--- What to produce ---
Repeat each entry below without omitting a single word.

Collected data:
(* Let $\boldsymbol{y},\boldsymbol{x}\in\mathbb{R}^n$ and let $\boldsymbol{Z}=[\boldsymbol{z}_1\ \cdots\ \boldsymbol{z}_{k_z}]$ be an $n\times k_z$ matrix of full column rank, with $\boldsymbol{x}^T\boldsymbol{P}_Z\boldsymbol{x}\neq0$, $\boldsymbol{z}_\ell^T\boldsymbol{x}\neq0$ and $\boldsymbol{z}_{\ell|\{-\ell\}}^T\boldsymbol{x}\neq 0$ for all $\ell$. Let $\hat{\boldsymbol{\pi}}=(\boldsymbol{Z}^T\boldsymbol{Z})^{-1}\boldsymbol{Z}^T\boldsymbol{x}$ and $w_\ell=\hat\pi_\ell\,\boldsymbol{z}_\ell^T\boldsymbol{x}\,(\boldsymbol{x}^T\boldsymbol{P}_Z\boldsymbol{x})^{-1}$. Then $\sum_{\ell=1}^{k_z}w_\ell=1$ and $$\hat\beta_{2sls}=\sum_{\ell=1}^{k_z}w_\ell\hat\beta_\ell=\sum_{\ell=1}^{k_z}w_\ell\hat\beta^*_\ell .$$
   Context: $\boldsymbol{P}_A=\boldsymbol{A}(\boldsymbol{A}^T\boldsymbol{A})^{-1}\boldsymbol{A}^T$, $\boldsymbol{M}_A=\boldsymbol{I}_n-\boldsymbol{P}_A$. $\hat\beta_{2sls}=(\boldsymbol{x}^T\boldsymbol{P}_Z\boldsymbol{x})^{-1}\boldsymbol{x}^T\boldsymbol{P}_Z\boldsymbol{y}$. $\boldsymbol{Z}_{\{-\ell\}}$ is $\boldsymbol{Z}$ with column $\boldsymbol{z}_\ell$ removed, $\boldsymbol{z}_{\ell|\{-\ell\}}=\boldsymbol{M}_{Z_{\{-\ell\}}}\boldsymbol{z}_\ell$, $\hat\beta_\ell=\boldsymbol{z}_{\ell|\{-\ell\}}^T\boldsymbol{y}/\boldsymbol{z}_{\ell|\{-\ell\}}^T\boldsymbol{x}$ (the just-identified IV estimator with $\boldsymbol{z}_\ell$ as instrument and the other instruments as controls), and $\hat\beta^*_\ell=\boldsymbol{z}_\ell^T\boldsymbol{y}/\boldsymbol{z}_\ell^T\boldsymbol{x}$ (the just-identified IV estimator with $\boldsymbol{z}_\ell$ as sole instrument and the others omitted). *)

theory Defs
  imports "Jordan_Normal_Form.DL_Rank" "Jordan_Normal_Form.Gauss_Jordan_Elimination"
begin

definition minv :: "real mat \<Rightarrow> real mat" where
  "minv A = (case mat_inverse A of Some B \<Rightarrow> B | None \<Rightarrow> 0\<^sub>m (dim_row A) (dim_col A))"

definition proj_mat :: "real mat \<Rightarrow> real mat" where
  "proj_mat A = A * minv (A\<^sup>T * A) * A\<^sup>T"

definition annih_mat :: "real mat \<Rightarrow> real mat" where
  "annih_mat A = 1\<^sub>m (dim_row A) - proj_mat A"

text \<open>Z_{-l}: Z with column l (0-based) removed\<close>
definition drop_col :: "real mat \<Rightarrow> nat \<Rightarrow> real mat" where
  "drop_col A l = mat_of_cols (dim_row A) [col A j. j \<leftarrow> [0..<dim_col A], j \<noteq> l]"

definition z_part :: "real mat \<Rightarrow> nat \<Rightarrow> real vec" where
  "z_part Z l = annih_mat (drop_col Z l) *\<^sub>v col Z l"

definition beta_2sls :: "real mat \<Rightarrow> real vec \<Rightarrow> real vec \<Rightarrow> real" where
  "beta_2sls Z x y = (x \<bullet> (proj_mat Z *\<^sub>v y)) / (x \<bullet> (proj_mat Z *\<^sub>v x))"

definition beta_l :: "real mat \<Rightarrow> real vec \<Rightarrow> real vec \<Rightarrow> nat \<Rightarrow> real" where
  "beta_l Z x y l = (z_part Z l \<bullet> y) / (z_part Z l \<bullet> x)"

--- Expected answer ---
(* Let $\boldsymbol{y},\boldsymbol{x}\in\mathbb{R}^n$ and let $\boldsymbol{Z}=[\boldsymbol{z}_1\ \cdots\ \boldsymbol{z}_{k_z}]$ be an $n\times k_z$ matrix of full column rank, with $\boldsymbol{x}^T\boldsymbol{P}_Z\boldsymbol{x}\neq0$, $\boldsymbol{z}_\ell^T\boldsymbol{x}\neq0$ and $\boldsymbol{z}_{\ell|\{-\ell\}}^T\boldsymbol{x}\neq 0$ for all $\ell$. Let $\hat{\boldsymbol{\pi}}=(\boldsymbol{Z}^T\boldsymbol{Z})^{-1}\boldsymbol{Z}^T\boldsymbol{x}$ and $w_\ell=\hat\pi_\ell\,\boldsymbol{z}_\ell^T\boldsymbol{x}\,(\boldsymbol{x}^T\boldsymbol{P}_Z\boldsymbol{x})^{-1}$. Then $\sum_{\ell=1}^{k_z}w_\ell=1$ and $$\hat\beta_{2sls}=\sum_{\ell=1}^{k_z}w_\ell\hat\beta_\ell=\sum_{\ell=1}^{k_z}w_\ell\hat\beta^*_\ell .$$
   Context: $\boldsymbol{P}_A=\boldsymbol{A}(\boldsymbol{A}^T\boldsymbol{A})^{-1}\boldsymbol{A}^T$, $\boldsymbol{M}_A=\boldsymbol{I}_n-\boldsymbol{P}_A$. $\hat\beta_{2sls}=(\boldsymbol{x}^T\boldsymbol{P}_Z\boldsymbol{x})^{-1}\boldsymbol{x}^T\boldsymbol{P}_Z\boldsymbol{y}$. $\boldsymbol{Z}_{\{-\ell\}}$ is $\boldsymbol{Z}$ with column $\boldsymbol{z}_\ell$ removed, $\boldsymbol{z}_{\ell|\{-\ell\}}=\boldsymbol{M}_{Z_{\{-\ell\}}}\boldsymbol{z}_\ell$, $\hat\beta_\ell=\boldsymbol{z}_{\ell|\{-\ell\}}^T\boldsymbol{y}/\boldsymbol{z}_{\ell|\{-\ell\}}^T\boldsymbol{x}$ (the just-identified IV estimator with $\boldsymbol{z}_\ell$ as instrument and the other instruments as controls), and $\hat\beta^*_\ell=\boldsymbol{z}_\ell^T\boldsymbol{y}/\boldsymbol{z}_\ell^T\boldsymbol{x}$ (the just-identified IV estimator with $\boldsymbol{z}_\ell$ as sole instrument and the others omitted). *)

theory Defs
  imports "Jordan_Normal_Form.DL_Rank" "Jordan_Normal_Form.Gauss_Jordan_Elimination"
begin

definition minv :: "real mat \<Rightarrow> real mat" where
  "minv A = (case mat_inverse A of Some B \<Rightarrow> B | None \<Rightarrow> 0\<^sub>m (dim_row A) (dim_col A))"

definition proj_mat :: "real mat \<Rightarrow> real mat" where
  "proj_mat A = A * minv (A\<^sup>T * A) * A\<^sup>T"

definition annih_mat :: "real mat \<Rightarrow> real mat" where
  "annih_mat A = 1\<^sub>m (dim_row A) - proj_mat A"

text \<open>Z_{-l}: Z with column l (0-based) removed\<close>
definition drop_col :: "real mat \<Rightarrow> nat \<Rightarrow> real mat" where
  "drop_col A l = mat_of_cols (dim_row A) [col A j. j \<leftarrow> [0..<dim_col A], j \<noteq> l]"

definition z_part :: "real mat \<Rightarrow> nat \<Rightarrow> real vec" where
  "z_part Z l = annih_mat (drop_col Z l) *\<^sub>v col Z l"

definition beta_2sls :: "real mat \<Rightarrow> real vec \<Rightarrow> real vec \<Rightarrow> real" where
  "beta_2sls Z x y = (x \<bullet> (proj_mat Z *\<^sub>v y)) / (x \<bullet> (proj_mat Z *\<^sub>v x))"

definition beta_l :: "real mat \<Rightarrow> real vec \<Rightarrow> real vec \<Rightarrow> nat \<Rightarrow> real" where
  "beta_l Z x y l = (z_part Z l \<bullet> y) / (z_part Z l \<bullet> x)"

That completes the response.